Pretty darned good – particularly for a freebie product. Nice interface. Could use a few improvements IMHO, but until I buy a plugin or more to give them a little cash flow to keep updating their product, I’m not sure I have too much right to beeeyatch. A nice alphabetical listing of all sites on the left with quick access to each admin panel in window, admin panel in a new tab, write a post, backups, view backups. It’s basic, but seriously, how many features *DO* I need to handle these 100+ blogs? About this number. Not too much, not too little.
So I don’t think I have too much room to complain, but here are the issues I found – but I can work around them.
- Hiding an update – for example, a particular theme that I have heavily customized in one customer website… I can hide the update under “Websites” and the entry for that particular website, but then it still appears under “Themes” and the drop down for that site. So it’s Ajax hiding in one panel, but not until you do a refresh of the whole screen, will you make it disappear under the other.
- Not able to update my (relatively slow) Rackspace Cloud files at times. I think this more a result of the relatively weak Rackspace Cloud site hosting. Operation times out, throws a 500 error, occasionally have gotten a “Need to reinstall the plugin” error. Don’t think it’s actually a flaw in the IWP, but again, more a problem with Rackspace Cloudsites hosting. Might be a way around that though IN the IWP plugin to at least let it NOT completely bomb out. Secondary status check routine or something that is initiated.
- Backups work great from the individual site flyout, but the Restore function doesn’t seem to work right when accessed via that method. Probably just a small glitch – val not being passed properly through that bit of the interface. However, clicking on “Protect”, viewing the backups and restoring from THERE works lickety split.

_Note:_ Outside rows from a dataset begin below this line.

lemma emeasure_le_hausdorff_of_ball_le:
  fixes \<mu> :: "'a::euclidean_space measure"
  assumes sets: "sets \<mu> = sets borel" and s: "0 < s" and K: "0 \<le> K" and E: "E \<in> sets borel"
    and ball_le: "\<And>x. x \<in> E \<Longrightarrow>
      \<exists>rx>0. \<forall>r. 0 < r \<and> r < rx \<longrightarrow> emeasure \<mu> (ball x r) \<le> ennreal (K * r powr s)"
  shows "emeasure \<mu> E \<le> ennreal (2 powr s * K / omega s) * hausdorff s E"
proof -
  define F where "F k = {x. \<forall>r. 0 < r \<and> r < 1 / Suc k \<longrightarrow> emeasure \<mu> (ball x r) \<le> ennreal (K * r powr s)}"
    for k :: nat
  have "range (\<lambda>k. E \<inter> F k) \<subseteq> sets \<mu>"
    using E closed_ball_emeasure_le[OF sets] unfolding sets F_def by auto
  moreover have "incseq (\<lambda>k. E \<inter> F k)"
  proof (intro incseq_SucI)
    fix k
    have "1 / Suc (Suc k) \<le> 1 / Suc k" by (simp add: frac_le)
    then show "E \<inter> F k \<subseteq> E \<inter> F (Suc k)" by (auto simp: F_def)
  qed
  moreover have "(\<Union>k. E \<inter> F k) = E"
  proof (intro subset_antisym subsetI)
    fix x assume "x \<in> E"
    with ball_le obtain rx where "rx > 0"
      and rx: "\<forall>r. 0 < r \<and> r < rx \<longrightarrow> emeasure \<mu> (ball x r) \<le> ennreal (K * r powr s)"
      by blast
    then obtain k where "1 / Suc k < rx" by (metis reals_Archimedean inverse_eq_divide)
    with rx \<open>x \<in> E\<close> show "x \<in> (\<Union>k. E \<inter> F k)" by (intro UN_I[of k]) (auto simp: F_def)
  qed auto
  ultimately have "emeasure \<mu> E = (SUP k. emeasure \<mu> (E \<inter> F k))"
    by (simp add: SUP_emeasure_incseq)
  also have "\<dots> \<le> ennreal (2 powr s * K / omega s) * hausdorff s E"
  proof (rule SUP_least)
    fix k
    have "emeasure \<mu> (E \<inter> F k) \<le> ennreal (2 powr s * K / omega s) * hausdorff s (E \<inter> F k)"
      by (rule emeasure_le_hausdorff_of_uniform_ball_le[OF sets s K, of "1 / Suc k"])
        (auto simp: F_def)
    also have "\<dots> \<le> ennreal (2 powr s * K / omega s) * hausdorff s E"
      by (intro mult_left_mono hausdorff_mono) auto
    finally show "emeasure \<mu> (E \<inter> F k) \<le> ennreal (2 powr s * K / omega s) * hausdorff s E" .
  qed
  finally show ?thesis .
qed
(* Let $A\subset\mathbb R$ be an open interval of length strictly larger than $2$ and let $\psi:A\to\mathbb C$ be a regular $\mathbb C$-supershift on $A$. Then $a\in A\mapsto a\,\psi(a)$ is a regular $\mathbb C$-supershift on $A$; consequently, for every polynomial $p$ with complex coefficients, $a\in A\mapsto p(a)\,\psi(a)$ is a regular $\mathbb C$-supershift on $A$.
   Context: For an open interval $A\subset\mathbb R$ of length $R>2$ (possibly infinite), set $\mathbb A=\{(a,a')\in\mathbb R\times A:\ a'+[-1,1]\subset A,\ a+a'\in A\}$. For a sequence $\boldsymbol\epsilon=(\epsilon_N)_{N\ge1}$ with $\epsilon_N\in[0,1)$ and $\epsilon_N\to0$, put $h^{\boldsymbol\epsilon}_{N,\nu}=1-2\,\frac{\nu+\epsilon_N(N-\nu)}{N}$ for $0\le\nu\le N$. For a continuous $\psi:A\to\mathbb C$ and $(a,a')\in\mathbb A$ set $$S_N^{\boldsymbol\epsilon}[\psi](a,a')=\sum_{\nu=0}^N\binom N\nu\Big(\frac{1+a}2\Big)^{N-\nu}\Big(\frac{1-a}2\Big)^{\nu}\psi\big(a'+h^{\boldsymbol\epsilon}_{N,\nu}\big).$$ A continuous $\psi:A\to\mathbb C$ is called a regular $\mathbb C$-supershift on $A$ if (1) for every such sequence $\boldsymbol\epsilon$, $S_N^{\boldsymbol\epsilon}[\psi](a,a')\to\psi(a+a')$ as $N\to\infty$ uniformly on compact subsets of $\mathbb A$; and (2) for every family $\{\boldsymbol\epsilon_{\iota'}=(\epsilon_{\iota',N})_{N\ge1}:\iota'\in I'\}$ of such sequences with $\sup_{\iota'\in I'}\epsilon_{\iota',N}\to0$ as $N\to\infty$, the convergence in (1) is uniform with respect to $\iota'\in I'$ on each compact subset of $\mathbb A$. *)

theory Defs
  imports "HOL-Analysis.Analysis" "HOL-Computational_Algebra.Polynomial"
begin

definition AA :: "real set \<Rightarrow> (real \<times> real) set" where
  "AA A = {(a, a'). a' \<in> A \<and> {a' - 1 .. a' + 1} \<subseteq> A \<and> a + a' \<in> A}"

- Would be nice to sort the central window alphabetically
Right out of the box, with 20 minutes setup, and the hours to install the plugin to each site, I am now sitting able to look over each of these sites with a number of updates right there in one simple to review panel. I have access to do my updates en masse directly from the primary screen, or can quickly and easily click open the admin panel and be right there to manually do updates, add entries, etc in the admin panel on the target website. I can quickly scan for particular plugins that may need updating as well as update them fast. The URGENT crisis mode Sucuri email about WP SuperCache and W3TC would have been a 30 second point and click fix across all sites if I had InfiniteWP in place last week.
One thing to keep in mind – when updating a number of sites, it still is a good idea to go back and manually CHECK those sites. After updating a few site themes/WP versions, there have been a couple of sites that needed revisiting after updates to re-modify theme look. Like any update, there is always a chance that something may break. While the update may complete successfully, the final result may NOT be exactly what you think.
Conclusion
There are several workable ways to manage 100+ blogs. Manually is NOT one of them. InfiniteWP, however, IS one of them. And it does it pretty well. I think it could use a little more polish, but the pricing model is great. The install will be mine, there’s no monthly, “Oh, you’ve added on 3 more sites, we need to bill you more” issues. They have additional plugins / addons that should be able to provide advanced functionality such as backing up to S3 and a variety of other things.
If you’re on a budget (or just want to keep costs down), InfiniteWP is a keeper!